In my car driving home, I had confirmed with my family if they had also caught it.
When they had said yes, it was with respect and caution.
The man I loved was keeping himself in a pressure cooker of emotion, all so he didn’t do anything that could make the situation worse.
How much of it was directed at me, I didn’t know.
The answer to that question terrified me.
What I also knew was that the answer would come after everything else. That was my comfort.
Dirk had paused when Heath spoke, leaving us all with the cliffhanger of what would keep happening.
When he hit play again, I really listened—Carey’s speech to her biological mother, about me, about our relationship.
“ Jacky is my mom, and when Dad marries her, it’ll finally be official.”
Words that hit too hard, as I choked on things I never got to say to Carey now that she was gone.
Things I had hoped she would know by this time.
That she meant everything to me. She was my whole world, the whole reason I fought for peace that sometimes seemed impossible.
The beginning and end of everything for me.
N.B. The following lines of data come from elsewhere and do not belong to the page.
(* Let $\mathcal{N}$ be a closed chemical reaction network, $\{\omega^1,\dots,\omega^d\}$ a reduced basis of $\Gamma^\perp$, and $\widetilde f_\kappa$ the associated extended rate function. For a rate vector $\kappa\in\mathbb{R}_+^{\mathcal{R}}$, let $\kappa^o$, $g_{\kappa^o}$, $\delta_i$ and $E^n_{d+1}$ be as defined in the context. Then, for every $c\in\mathbb{R}^n$, $$\det(J_c(g_{\kappa^o}))=(-1)^d\det\big(J_c(\widetilde f_\kappa)-E^n_{d+1}\big).$$
   Context: A chemical reaction network $\mathcal{N}=(\mathcal{S},\mathcal{C},\mathcal{R})$ consists of a finite set of species $\mathcal{S}=\{S_1,\dots,S_n\}$, a finite set of complexes $\mathcal{C}\subset\mathbb{Z}_{\ge 0}^n$ (species $S_i$ identified with the $i$-th standard basis vector; the zero complex $0$ allowed), and a finite set of reactions $\mathcal{R}\subset\mathcal{C}\times\mathcal{C}$, written $y\to y'$, with $y\ne y'$. $\mathbb{R}_+$ denotes the positive reals. A rate vector is $\kappa=(k_{y\to y'})\in\mathbb{R}_+^{\mathcal{R}}$; the mass-action species formation rate function is $f_\kappa(c)=\sum_{y\to y'\in\mathcal{R}}k_{y\to y'}c^y(y'-y)$, $c^y=\prod_i c_i^{y_i}$, with components $f_{\kappa,i}$. The stoichiometric subspace is $\Gamma=\mathrm{span}\{y'-y:y\to y'\in\mathcal{R}\}$, $s=\dim\Gamma$, $d=n-s$; the network is closed if $\Gamma\ne\mathbb{R}^n$. A basis $\{\omega^1,\dots,\omega^d\}$ of $\Gamma^\perp$ with $\omega^i=(\lambda^i_1,\dots,\lambda^i_n)$ is reduced if $\lambda^i_i=1$ and $\lambda^i_j=0$ for all $j\in\{1,\dots,d\}$, $j\ne i$ (species are assumed ordered so that such a basis exists). The extended rate function is $\widetilde f_\kappa(c)=(\omega^1\cdot c,\dots,\omega^d\cdot c,f_{\kappa,d+1}(c),\dots,f_{\kappa,n}(c))$; $J_c$ denotes the Jacobian at $c$. The associated fully open network $\mathcal{N}^o$ has reactions $\mathcal{R}^o=\mathcal{R}\cup\{S_i\to 0: i=1,\dots,n\}$. Let $\mathcal{O}(\mathcal{N})=\{i: S_i\to 0\notin\mathcal{R}\}$. Given $\kappa$, $\kappa^o\in\mathbb{R}_+^{\mathcal{R}^o}$ agrees with $\kappa$ on $\mathcal{R}$ and has $k_{S_i\to 0}=1$ for $i\in\mathcal{O}(\mathcal{N})$; $g_{\kappa^o}$ is the mass-action species formation rate function of $\mathcal{N}^o$ with rate vector $\kappa^o$, i.e. $g_{\kappa^o}(c)=f_\kappa(c)-(\delta_1c_1,\dots,\delta_nc_n)$ with $\delta_i=1$ if $i\in\mathcal{O}(\mathcal{N})$ and $\delta_i=0$ otherwise. $E^n_{d+1}$ is the $n\times n$ diagonal matrix with entry $\delta_i$ at position $(i,i)$ for $i=d+1,\dots,n$ and zeros elsewhere. *)

theory Defs
  imports "HOL-Analysis.Analysis"
begin

text \<open>Species are indexed by a finite type 'n; complexes are functions 'n \<Rightarrow> nat;
  a reaction y \<rightarrow> y' is the pair (y, y'). Concentrations are vectors in real^'n.\<close>

type_synonym 'n complex = "'n \<Rightarrow> nat"
type_synonym 'n reaction = "'n complex \<times> 'n complex"

definition reaction_vector :: "'n::finite reaction \<Rightarrow> real^'n" where
  "reaction_vector r = (\<chi> i. real (snd r i) - real (fst r i))"

definition monomial :: "real^'n::finite \<Rightarrow> 'n complex \<Rightarrow> real" where
  "monomial c y = (\<Prod>i\<in>UNIV. (c $ i) ^ (y i))"

definition mass_action :: "'n::finite reaction set \<Rightarrow> ('n reaction \<Rightarrow> real) \<Rightarrow> real^'n \<Rightarrow> real^'n" where
  "mass_action R \<kappa> c = (\<Sum>r\<in>R. (\<kappa> r * monomial c (fst r)) *\<^sub>R reaction_vector r)"

definition stoich_space :: "'n::finite reaction set \<Rightarrow> (real^'n) set" where
  "stoich_space R = span (reaction_vector ` R)"

definition is_network :: "'n::finite reaction set \<Rightarrow> bool" where
  "is_network R \<longleftrightarrow> finite R \<and> (\<forall>r\<in>R. fst r \<noteq> snd r)"

definition closed_network :: "'n::finite reaction set \<Rightarrow> bool" where
  "closed_network R \<longleftrightarrow> stoich_space R \<noteq> UNIV"

text \<open>Reduced basis of the orthogonal complement of Gamma, indexed by the set D of the "first d" species.\<close>
definition reduced_basis :: "'n::finite reaction set \<Rightarrow> 'n set \<Rightarrow> ('n \<Rightarrow> real^'n) \<Rightarrow> bool" where
  "reduced_basis R D \<omega> \<longleftrightarrow>
     inj_on \<omega> D \<and> independent (\<omega> ` D) \<and> span (\<omega> ` D) = orthogonal_comp (stoich_space R) \<and>
     (\<forall>i\<in>D. \<omega> i $ i = 1 \<and> (\<forall>j\<in>D. j \<noteq> i \<longrightarrow> \<omega> i $ j = 0))"

definition ext_rate :: "'n::finite reaction set \<Rightarrow> ('n reaction \<Rightarrow> real) \<Rightarrow> 'n set \<Rightarrow> ('n \<Rightarrow> real^'n)
    \<Rightarrow> real^'n \<Rightarrow> real^'n" where
  "ext_rate R \<kappa> D \<omega> c = (\<chi> i. if i \<in> D then \<omega> i \<bullet> c else mass_action R \<kappa> c $ i)"

definition species_complex :: "'n \<Rightarrow> 'n complex" where
  "species_complex i = (\<lambda>j. if j = i then 1 else 0)"

definition outflow :: "'n \<Rightarrow> 'n reaction" where
  "outflow i = (species_complex i, (\<lambda>_. 0))"

definition open_reactions :: "'n reaction set \<Rightarrow> 'n reaction set" where
  "open_reactions R = R \<union> range outflow"

definition open_rates :: "'n reaction set \<Rightarrow> ('n reaction \<Rightarrow> real) \<Rightarrow> 'n reaction \<Rightarrow> real" where
  "open_rates R \<kappa> r = (if r \<in> R then \<kappa> r else 1)"

definition delta :: "'n reaction set \<Rightarrow> 'n \<Rightarrow> real" where
  "delta R i = (if outflow i \<notin> R then 1 else 0)"

definition E_mat :: "'n::finite reaction set \<Rightarrow> 'n set \<Rightarrow> real^'n^'n" where
  "E_mat R D = (\<chi> i j. if i = j \<and> i \<notin> D then delta R i else 0)"

end

theory Submission
  imports Defs
begin

text \<open>Let \<open>J\<close> be the Jacobian of \<open>f\<^sub>\<kappa>\<close>, \<open>\<Delta>\<close> the diagonal matrix of the \<open>\<delta>\<^sub>i\<close>, \<open>P\<close> the diagonal
  projection onto the species in \<open>D\<close>, and \<open>W\<close> the matrix whose \<open>k\<close>-th row is \<open>\<omega>\<^sup>k\<close> for \<open>k \<in> D\<close> and
  zero otherwise. Then \<open>J\<^sub>c(g) = J - \<Delta>\<close>, and the Jacobian of the extended rate function minus \<open>E\<close> is
  \<open>W + (I - P)(J - \<Delta>)\<close>.
  Each \<open>\<omega>\<^sup>k\<close> is orthogonal to \<open>\<Gamma>\<close>, so \<open>\<omega>\<^sup>k \<bullet> f\<^sub>\<kappa>\<close> vanishes identically and \<open>W J = 0\<close>; it is also
  orthogonal to \<open>-e\<^sub>m\<close> whenever \<open>S\<^sub>m \<rightarrow> 0\<close> is a reaction, so \<open>W \<Delta> = W\<close>. With \<open>P W = W\<close> and
  \<open>W P = P\<close> these give \<open>J - \<Delta> = (I - P - W)(W + (I - P)(J - \<Delta>))\<close>, and the row-operation matrix
  \<open>I - P - W\<close> is block triangular with diagonal \<open>-1\<close> on \<open>D\<close> and \<open>1\<close> elsewhere.\<close>

lemma matrix_diff_ldistrib:
  fixes A :: "'a::comm_ring_1^'n::finite^'m"
  shows "A ** (B - C) = A ** B - A ** C"
  by (simp add: matrix_matrix_mult_def vec_eq_iff right_diff_distrib sum_subtractf)

lemma matrix_diff_rdistrib:
  fixes A :: "'a::comm_ring_1^'n::finite^'m"
  shows "(A - B) ** C = A ** C - B ** C"
  by (simp add: matrix_matrix_mult_def vec_eq_iff left_diff_distrib sum_subtractf)

definition diag_mat :: "('n \<Rightarrow> 'a::zero) \<Rightarrow> 'a^'n^'n" where
  "diag_mat d = (\<chi> i j. if i = j then d i else 0)"

lemma diag_mat_mult_left:
  fixes A :: "'a::semiring_1^'m^'n::finite"
  shows "diag_mat d ** A = (\<chi> i j. d i * A $ i $ j)"
  by (simp add: diag_mat_def matrix_matrix_mult_def vec_eq_iff if_distrib if_distribR cong: if_cong)

lemma diag_mat_mult_right:
  fixes A :: "'a::semiring_1^'n::finite^'m"
  shows "A ** diag_mat d = (\<chi> i j. A $ i $ j * d j)"
  by (simp add: diag_mat_def matrix_matrix_mult_def vec_eq_iff if_distrib if_distribR cong: if_cong)

lemma diag_mat_mult_vector:
  fixes x :: "'a::semiring_1^'n::finite"
  shows "diag_mat d *v x = (\<chi> i. d i * x $ i)"
  by (simp add: diag_mat_def matrix_vector_mult_def vec_eq_iff if_distrib if_distribR cong: if_cong)

lemma mat_1_minus_diag_mat: "mat 1 - diag_mat d = (diag_mat (\<lambda>i. 1 - d i) :: 'a::ring_1^'n^'n)"
  by (auto simp: diag_mat_def mat_def vec_eq_iff)

lemma row_reduction_identity:
  fixes P W J \<Delta> :: "'a::comm_ring_1^'n::finite^'n"
  assumes "P ** P = P" "P ** W = W" "W ** P = P" "W ** J = 0" "W ** \<Delta> = W"
  shows "(mat 1 - P - W) ** (W + (mat 1 - P) ** (J - \<Delta>)) = J - \<Delta>"
proof -
  have "W ** W = W"
    by (metis assms(2,3) matrix_mul_assoc)
  then have left: "(mat 1 - P - W) ** W = - W"
    using assms(2) by (simp add: matrix_diff_rdistrib)
  have right: "(mat 1 - P - W) ** (mat 1 - P) = mat 1 - W"
    using assms(1,3) by (simp add: matrix_diff_rdistrib matrix_diff_ldistrib)
  have WX: "W ** (J - \<Delta>) = - W"
    using assms(4,5) by (simp add: matrix_diff_ldistrib)
  have "(mat 1 - P - W) ** (W + (mat 1 - P) ** (J - \<Delta>))
      = (mat 1 - P - W) ** W + ((mat 1 - P - W) ** (mat 1 - P)) ** (J - \<Delta>)"
    by (simp only: matrix_add_ldistrib matrix_mul_assoc)
  also have "\<dots> = - W + (J - \<Delta> - W ** (J - \<Delta>))"
    by (simp only: left right) (simp add: matrix_diff_rdistrib)
  also have "\<dots> = J - \<Delta>"
    by (simp add: WX)
  finally show ?thesis .
qed

lemma det_block_triangular_diagonal:
  fixes A :: "'a::comm_ring_1^'n::finite^'n"
  assumes "\<And>i j. i \<noteq> j \<Longrightarrow> A $ i $ j \<noteq> 0 \<Longrightarrow> i \<in> D \<and> j \<notin> D"
  shows "det A = (\<Prod>i\<in>UNIV. A $ i $ i)"
proof -
  have "(\<Prod>i\<in>UNIV. A $ i $ p i) = 0" if "p permutes UNIV" "p \<noteq> id" for p
  proof -
    obtain k where "p k \<noteq> k"
      using \<open>p \<noteq> id\<close> by (auto simp: fun_eq_iff)
    have "\<exists>i. A $ i $ p i = 0"
    proof (rule ccontr)
      assume "\<nexists>i. A $ i $ p i = 0"
      then have moved: "p i \<noteq> i \<Longrightarrow> i \<in> D \<and> p i \<notin> D" for i
        by (metis assms)
      have "p (p k) \<noteq> p k"
        using \<open>p k \<noteq> k\<close> permutes_inj[OF \<open>p permutes UNIV\<close>] by (metis injD)
      then show False
        using moved[of k] moved[of "p k"] \<open>p k \<noteq> k\<close> by blast
    qed
    then show ?thesis
      by (metis UNIV_I finite prod_zero)
  qed
  then have "det A = (\<Sum>p\<in>{id}. of_int (sign p) * (\<Prod>i\<in>UNIV. A $ i $ p i))"
    unfolding det_def
    by (intro sum.mono_neutral_right finite_permutations) (auto simp: permutes_id)
  then show ?thesis
    by (simp add: sign_id)
qed

lemma jacobian_at_eqI:
  fixes F :: "real^'n::finite \<Rightarrow> real^'m::finite"
  assumes "(F has_derivative (\<lambda>h. M *v h)) (at c)"
  shows "jacobian F (at c) = M"
  using frechet_derivative_at[OF assms] unfolding jacobian_def
  by (metis matrix_of_matrix_vector_mul)

lemma differentiable_prod:
  fixes f :: "'i \<Rightarrow> 'a::real_normed_vector \<Rightarrow> real"
  assumes "\<And>i. i \<in> I \<Longrightarrow> f i differentiable (at x)"
  shows "(\<lambda>x. \<Prod>i\<in>I. f i x) differentiable (at x)"
proof -
  from assms obtain f' where "\<And>i. i \<in> I \<Longrightarrow> (f i has_derivative f' i) (at x)"
    unfolding differentiable_def by metis
  then show ?thesis
    unfolding differentiable_def by (blast intro: has_derivative_prod)
qed

lemma differentiable_mass_action:
  assumes "finite R"
  shows "mass_action R \<kappa> differentiable (at c)"
  unfolding mass_action_def monomial_def
  by (intro differentiable_sum ballI differentiable_scaleR differentiable_mult differentiable_const
      differentiable_prod differentiable_power assms
      bounded_linear_imp_differentiable[OF bounded_linear_vec_nth])

lemma monomial_species_complex: "monomial x (species_complex i) = x $ i"
proof -
  have "(\<Prod>j\<in>UNIV. x $ j ^ species_complex i j) = (\<Prod>j\<in>UNIV. if j = i then x $ j else 1)"
    by (rule prod.cong) (auto simp: species_complex_def)
  then show ?thesis
    unfolding monomial_def by simp
qed

lemma reaction_vector_outflow: "reaction_vector (outflow i) = - axis i 1"
  by (simp add: vec_eq_iff reaction_vector_def outflow_def species_complex_def axis_def)

lemma inj_outflow: "inj outflow"
  by (rule injI) (auto simp: outflow_def species_complex_def fun_eq_iff split: if_splits)

lemma mass_action_outflows:
  "mass_action (outflow ` S) (\<lambda>_. 1) x = - (diag_mat (\<lambda>i. of_bool (i \<in> S)) *v x)"
proof -
  have fst_outflow: "fst (outflow i) = species_complex i" for i :: 'n
    by (simp add: outflow_def)
  have "mass_action (outflow ` S) (\<lambda>_. 1) x = (\<Sum>i\<in>S. - (x $ i *\<^sub>R axis i 1))"
    unfolding mass_action_def
    by (simp add: sum.reindex inj_on_subset[OF inj_outflow] fst_outflow monomial_species_complex
        reaction_vector_outflow)
  also have "\<dots> = - (diag_mat (\<lambda>i. of_bool (i \<in> S)) *v x)"
    by (simp add: vec_eq_iff diag_mat_mult_vector sum_negf axis_def if_distrib cong: if_cong)
  finally show ?thesis .
qed

lemma mass_action_open_reactions:
  assumes "finite R"
  shows "mass_action (open_reactions R) (open_rates R \<kappa>) x
       = mass_action R \<kappa> x - diag_mat (delta R) *v x"
proof -
  let ?S = "{i. outflow i \<notin> R}"
  have "open_reactions R = R \<union> outflow ` ?S" "R \<inter> outflow ` ?S = {}"
    unfolding open_reactions_def by auto
  then have "mass_action (open_reactions R) (open_rates R \<kappa>) x
      = mass_action R (open_rates R \<kappa>) x + mass_action (outflow ` ?S) (open_rates R \<kappa>) x"
    unfolding mass_action_def using assms by (simp add: sum.union_disjoint)
  also have "mass_action R (open_rates R \<kappa>) x = mass_action R \<kappa> x"
    unfolding mass_action_def by (intro sum.cong) (auto simp: open_rates_def)
  also have "mass_action (outflow ` ?S) (open_rates R \<kappa>) x = mass_action (outflow ` ?S) (\<lambda>_. 1) x"
    unfolding mass_action_def by (intro sum.cong) (auto simp: open_rates_def)
  also have "delta R = (\<lambda>i. of_bool (i \<in> ?S))"
    by (simp add: fun_eq_iff delta_def)
  ultimately show ?thesis
    by (simp add: mass_action_outflows)
qed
She wasn’t the daughter of my blood, not the one I brought into the world, but she was my daughter in every way that really mattered.
She owned my heart and soul in a way that would put me against Heath if I had to be.
Hearing those words from her again, I didn’t regret biting her.
Not a single bit. The tears that welled in my eyes had nothing to do with regret or feeling bad for Heath about making the choice.
They were from the fact that I wasn’t with her to know if she survived or not.
I wasn’t there to welcome her to immortality.
It was Subira who reached out to hit the space bar and pause the playback.
“From this day forth, she is not only Carey Everson. She is also Carey, daughter of Jacky, daughter of Subira,” Subira declared softly. “From this day forth, she is as much a member of my family as she is the one she was born to.”
“She would like that,” Landon said softly, turning to his father, clearly directing that at him. “Right, Pa?”
I looked at Heath, his blank face not revealing anything, but he blinked at Landon’s comment, his eyes turning the ice blue of his werewolf form.
“She would,” he finally said, everyone waiting on him. “Let’s finish this. We need to stop dragging this out.”
“It gets worse from here,” Dirk warned.
I knew that all too well.
Now was the moment when I had been certain there was something wrong.
“I should have… smelled her lying better,” I mumbled. “Because she didn’t mean anything she said to Carey about needing a mother or anything.”